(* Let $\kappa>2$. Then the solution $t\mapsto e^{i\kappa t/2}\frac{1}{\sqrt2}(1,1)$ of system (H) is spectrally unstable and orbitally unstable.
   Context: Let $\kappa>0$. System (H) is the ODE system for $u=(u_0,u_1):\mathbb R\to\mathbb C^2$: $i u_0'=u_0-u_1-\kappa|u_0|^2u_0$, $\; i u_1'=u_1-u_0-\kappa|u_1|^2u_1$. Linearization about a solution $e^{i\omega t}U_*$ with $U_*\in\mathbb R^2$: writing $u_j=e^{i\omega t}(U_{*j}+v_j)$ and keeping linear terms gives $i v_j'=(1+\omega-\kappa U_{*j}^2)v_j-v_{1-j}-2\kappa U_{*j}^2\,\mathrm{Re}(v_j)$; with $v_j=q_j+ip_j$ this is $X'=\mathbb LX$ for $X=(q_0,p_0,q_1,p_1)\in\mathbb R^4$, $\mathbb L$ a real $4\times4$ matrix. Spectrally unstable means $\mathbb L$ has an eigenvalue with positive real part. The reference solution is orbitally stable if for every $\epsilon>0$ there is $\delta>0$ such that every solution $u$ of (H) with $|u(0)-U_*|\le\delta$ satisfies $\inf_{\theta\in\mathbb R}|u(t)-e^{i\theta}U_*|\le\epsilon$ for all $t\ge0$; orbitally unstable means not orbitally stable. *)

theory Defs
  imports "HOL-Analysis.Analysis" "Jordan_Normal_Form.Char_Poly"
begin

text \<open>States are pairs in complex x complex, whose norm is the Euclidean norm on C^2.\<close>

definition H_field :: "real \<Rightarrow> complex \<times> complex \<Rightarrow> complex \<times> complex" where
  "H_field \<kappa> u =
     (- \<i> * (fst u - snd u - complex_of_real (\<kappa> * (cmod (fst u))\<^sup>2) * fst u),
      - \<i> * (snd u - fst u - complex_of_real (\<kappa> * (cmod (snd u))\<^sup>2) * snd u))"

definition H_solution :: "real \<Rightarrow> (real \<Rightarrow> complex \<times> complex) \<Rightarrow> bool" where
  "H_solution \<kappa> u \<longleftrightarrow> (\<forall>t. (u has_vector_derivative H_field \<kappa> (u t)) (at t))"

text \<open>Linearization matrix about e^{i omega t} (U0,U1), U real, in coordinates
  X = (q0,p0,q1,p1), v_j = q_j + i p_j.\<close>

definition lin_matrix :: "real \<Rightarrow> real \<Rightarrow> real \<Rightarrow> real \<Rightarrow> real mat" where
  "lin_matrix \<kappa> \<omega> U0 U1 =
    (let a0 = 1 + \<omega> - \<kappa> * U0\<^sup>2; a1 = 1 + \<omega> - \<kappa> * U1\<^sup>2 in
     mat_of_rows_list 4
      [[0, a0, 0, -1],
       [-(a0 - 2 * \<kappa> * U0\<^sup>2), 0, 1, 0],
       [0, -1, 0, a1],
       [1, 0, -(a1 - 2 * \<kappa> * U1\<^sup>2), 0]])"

┄┄┄┄┄┄┄┄┄┄┄┄┄┄┄┄┄┄┄┄

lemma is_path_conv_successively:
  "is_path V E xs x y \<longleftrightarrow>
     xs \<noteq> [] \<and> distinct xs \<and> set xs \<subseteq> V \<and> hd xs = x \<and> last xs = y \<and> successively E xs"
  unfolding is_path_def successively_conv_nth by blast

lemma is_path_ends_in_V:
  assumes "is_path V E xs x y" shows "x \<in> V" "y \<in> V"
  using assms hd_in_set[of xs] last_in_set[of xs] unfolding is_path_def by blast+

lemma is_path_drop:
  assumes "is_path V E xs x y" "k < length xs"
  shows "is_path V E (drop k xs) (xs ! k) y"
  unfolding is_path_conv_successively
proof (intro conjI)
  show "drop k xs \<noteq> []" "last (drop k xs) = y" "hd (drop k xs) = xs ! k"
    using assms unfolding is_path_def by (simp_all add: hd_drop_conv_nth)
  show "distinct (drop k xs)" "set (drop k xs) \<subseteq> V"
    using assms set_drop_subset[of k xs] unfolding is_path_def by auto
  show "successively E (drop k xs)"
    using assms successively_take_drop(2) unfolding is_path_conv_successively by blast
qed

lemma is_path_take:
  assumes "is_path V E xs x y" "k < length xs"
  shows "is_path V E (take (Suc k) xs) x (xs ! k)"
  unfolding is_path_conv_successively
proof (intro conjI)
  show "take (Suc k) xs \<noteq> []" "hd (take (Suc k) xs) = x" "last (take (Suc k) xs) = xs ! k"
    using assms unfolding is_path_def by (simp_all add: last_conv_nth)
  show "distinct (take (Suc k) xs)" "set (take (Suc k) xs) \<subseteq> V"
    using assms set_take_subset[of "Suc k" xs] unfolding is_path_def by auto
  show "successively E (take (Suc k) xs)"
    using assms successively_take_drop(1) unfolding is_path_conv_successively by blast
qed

┄┄┄┄┄┄┄┄┄┄┄┄┄┄┄┄┄┄┄┄

EXERCISE DIRECTIONS: Your answer should consist only of the lines above between the line holding "(* Let $\kappa>2$." and the line holding "Context: Let $\kappa>0$.", inclusive, each transcribed exactly.

OUTPUT BELOW:
(* Let $\kappa>2$. Then the solution $t\mapsto e^{i\kappa t/2}\frac{1}{\sqrt2}(1,1)$ of system (H) is spectrally unstable and orbitally unstable.
   Context: Let $\kappa>0$. System (H) is the ODE system for $u=(u_0,u_1):\mathbb R\to\mathbb C^2$: $i u_0'=u_0-u_1-\kappa|u_0|^2u_0$, $\; i u_1'=u_1-u_0-\kappa|u_1|^2u_1$. Linearization about a solution $e^{i\omega t}U_*$ with $U_*\in\mathbb R^2$: writing $u_j=e^{i\omega t}(U_{*j}+v_j)$ and keeping linear terms gives $i v_j'=(1+\omega-\kappa U_{*j}^2)v_j-v_{1-j}-2\kappa U_{*j}^2\,\mathrm{Re}(v_j)$; with $v_j=q_j+ip_j$ this is $X'=\mathbb LX$ for $X=(q_0,p_0,q_1,p_1)\in\mathbb R^4$, $\mathbb L$ a real $4\times4$ matrix. Spectrally unstable means $\mathbb L$ has an eigenvalue with positive real part. The reference solution is orbitally stable if for every $\epsilon>0$ there is $\delta>0$ such that every solution $u$ of (H) with $|u(0)-U_*|\le\delta$ satisfies $\inf_{\theta\in\mathbb R}|u(t)-e^{i\theta}U_*|\le\epsilon$ for all $t\ge0$; orbitally unstable means not orbitally stable. *)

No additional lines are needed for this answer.